ПИСЬМО ПЯТОЕ

 

Я отпраздновал пятую годовщину * ... Зима в нынешнем году такая же лютая, как в 1870—71. Морозы стоят страшные — птицы замерзают.

Декабрь. В пять часов уже темно...

Я возвратился со скотного двора, выслушал отчеты старосты, сделал распоряжения на завтра, записал приход, расход, умолот и пр., напился чаю, спросил уроки у детей' и в восемь часов...

«Выпив водочки и поужинав», ложусь спать. Этой же фразой начина­лось и мое первое письмо «из деревни», но приятель, которого я просил передать письмо в редакцию, вычеркнул слова: «выпив водочки». Вышло, по-моему, нескладно, а главное — неверно, потому кто же в деревне, будучи настолько богат, чтобы всегда иметь на дому водку, ложится спать, не выпив ее за ужином? Ясно, приятель вычеркнул эти слова, желая меня соблюсти. Известно, что у нас, если кто потеряет место и очутится без службы, да к тому же попадет в деревню, то он никакого дела себе найти не может, от скуки начинает пить и спивается, точно так же, как обратно мужик обыкновенно спивается, если попадет на службу, где у него никакого настоящего дела нет. Приятель, должно быть, боялся, чтобы не подумали, что я сделался в деревне пьяницей и, соблюдая меня, зачеркнул «выпить водочки». Обыкновенно все начинают с того, что выпивают только за ужином, потом привыкают выпивать и за обедом, потом, мало-помалу, привыкают опохмеляться утром, а раз человек стал опохмеляться — не­даром говорится: «пей, да не опохмеляйся» — и утром натощак вместо чаю пить водку — кончено, разумеется, кончено для человека, который не работает. Работающему мужику нипочем, даже полезно выпить стакан водки в пять часов утра перед завтраком.

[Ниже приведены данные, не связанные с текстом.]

lemma hcontent_le_of_subset_ball:
  fixes E :: "'a::euclidean_space set"
  assumes \<alpha>\<beta>: "0 < \<alpha>" "\<alpha> \<le> \<beta>" and "0 < R" and E: "E \<subseteq> ball x R"
  shows "hcontent \<beta> E \<le> ennreal (content_ratio \<alpha> \<beta> R) * hcontent \<alpha> E"
  unfolding hcontent_def[of \<alpha>]
proof (rule ennreal_le_mult_INF)
  show "0 < content_ratio \<alpha> \<beta> R"
    using assms by (simp add: content_ratio_pos)
  fix cr :: "(nat \<Rightarrow> 'a) \<times> (nat \<Rightarrow> real)"
  assume "cr \<in> {(c, r). (\<forall>i. 0 \<le> r i) \<and> E \<subseteq> (\<Union>i. ball (c i) (r i))}"
  then obtain c r where cr: "cr = (c, r)" and r: "\<And>i. 0 \<le> r i"
    and cover: "E \<subseteq> (\<Union>i. ball (c i) (r i))" by auto
  let ?cost = "\<lambda>r. (\<Sum>i. ennreal (omega_const \<alpha> * r i powr \<alpha>))"
  have "hcontent \<beta> E \<le> ennreal (content_ratio \<alpha> \<beta> R) * ?cost r"
  proof (cases "\<forall>i. r i \<le> R")
    case True
    then show ?thesis
      using hcontent_le_cover_sum[OF \<alpha>\<beta> _ cover] r by blast
  next
    case False
    then obtain j where "R < r j" by (auto simp: not_le)
    define single where "single = (\<lambda>i::nat. if i = 0 then R else 0)"
    have "hcontent \<beta> E \<le> ennreal (content_ratio \<alpha> \<beta> R) * ?cost single"
      by (rule hcontent_le_cover_sum[OF \<alpha>\<beta>, where c = "\<lambda>_. x"])
         (use E \<open>0 < R\<close> in \<open>auto simp: single_def\<close>)
    also have "?cost single = ennreal (omega_const \<alpha> * R powr \<alpha>)"
      unfolding single_def by (subst suminf_finite[of "{0}"]) auto
    also have "\<dots> \<le> ennreal (omega_const \<alpha> * r j powr \<alpha>)"
      using \<open>R < r j\<close> \<open>0 < R\<close> \<alpha>\<beta>
      by (intro ennreal_leI mult_left_mono powr_mono2) (auto intro: omega_const_pos less_imp_le)
    also have "\<dots> \<le> ?cost r"
      using sum_le_suminf[OF summableI, of "{j}" "\<lambda>i. ennreal (omega_const \<alpha> * r i powr \<alpha>)"] by simp
    finally show ?thesis
      by (simp add: mult_left_mono)
  qed
  then show "hcontent \<beta> E \<le> ennreal (content_ratio \<alpha> \<beta> R) * ?cost (snd cr)"
    using cr by simp
qed

lemma hcontent_le_of_small_hcontent:
  fixes U :: "'a::euclidean_space set"
  assumes \<alpha>\<beta>: "0 < \<alpha>" "\<alpha> \<le> \<beta>" and "0 \<le> R"
    and small: "hcontent \<alpha> U < ennreal \<delta>" "\<delta> \<le> omega_const \<alpha> * R powr \<alpha>"
  shows "hcontent \<beta> U \<le> ennreal (content_ratio \<alpha> \<beta> R) * ennreal \<delta>"
proof -
  let ?cost = "\<lambda>r. (\<Sum>i. ennreal (omega_const \<alpha> * r i powr \<alpha>))"
  obtain c r where r: "\<And>i. 0 \<le> r i" and cover: "U \<subseteq> (\<Union>i. ball (c i) (r i))"
    and cost: "?cost r < ennreal \<delta>"
    using small(1) unfolding hcontent_def INF_less_iff by auto
  have "r i \<le> R" for i
  proof (rule ccontr)
    assume "\<not> r i \<le> R"
    then have "omega_const \<alpha> * R powr \<alpha> < omega_const \<alpha> * r i powr \<alpha>"
      using \<alpha>\<beta> \<open>0 \<le> R\<close>
      by (intro mult_strict_left_mono powr_less_mono2) (auto intro: omega_const_pos)
    moreover have "0 \<le> omega_const \<alpha> * R powr \<alpha>"
      using \<alpha>\<beta> by (simp add: omega_const_pos less_imp_le)
    ultimately have "ennreal \<delta> < ennreal (omega_const \<alpha> * r i powr \<alpha>)"
      using small(2) by (intro ennreal_lessI) linarith+
    also have "\<dots> \<le> ?cost r"
      using sum_le_suminf[OF summableI, of "{i}" "\<lambda>i. ennreal (omega_const \<alpha> * r i powr \<alpha>)"] by simp
    finally show False
      using cost by simp
  qed
  then have "hcontent \<beta> U \<le> ennreal (content_ratio \<alpha> \<beta> R) * ?cost r"
    using hcontent_le_cover_sum[OF \<alpha>\<beta> _ cover] r by blast
  also have "\<dots> \<le> ennreal (content_ratio \<alpha> \<beta> R) * ennreal \<delta>"
    using cost by (simp add: mult_left_mono less_imp_le)
  finally show ?thesis .
qed

lemma cube_subset_ball:
  fixes x :: "'a::euclidean_space"
  assumes "0 < l"
  shows "cube x l \<subseteq> ball x ((real DIM('a) + 1) * l)"
proof
  fix y assume "y \<in> cube x l"
  then have coord: "\<And>i. i \<in> Basis \<Longrightarrow> \<bar>(y - x) \<bullet> i\<bar> \<le> l"
    unfolding cube_def mem_box by (auto simp: inner_diff_left inner_add_left)
  have "dist x y \<le> (\<Sum>i\<in>Basis. \<bar>(y - x) \<bullet> i\<bar>)"
    using norm_le_l1[of "y - x"] by (simp add: dist_norm norm_minus_commute)
  also have "\<dots> \<le> real DIM('a) * l"
    using sum_mono[of Basis _ "\<lambda>_. l", OF coord] by simp
  also have "\<dots> < (real DIM('a) + 1) * l"
    using assms by (simp add: distrib_right)
  finally show "y \<in> ball x ((real DIM('a) + 1) * l)" by simp
qed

Теперь за меня опасаться нечего, соблюдать меня не нужно, потому что прошло уже пять лет, и я не спился, несмотря на то, что в Петербурге перед отъездом многие предсказывали мне такой конец. Конечно, я пью и даже не водку, а «вино», в акцизном значении этого слова, а говорят, акцизное-то вино и имеет свойство делать людей пьяницами и развивать «запой», который неизвестен в чужих странах, где пьют настоящее, а не акцизное вино. Выпиваю рюмку, другую за обедом, нужно же что-нибудь пить, когда настоящего вина нет; выпиваю и за ужином, но все-таки не спился, потому что никогда не опохмеляюсь, а отпиваюсь по утрам чаем. Поэтому, желая вновь описать мой зимний день, нисколько не опасаясь, начинаю.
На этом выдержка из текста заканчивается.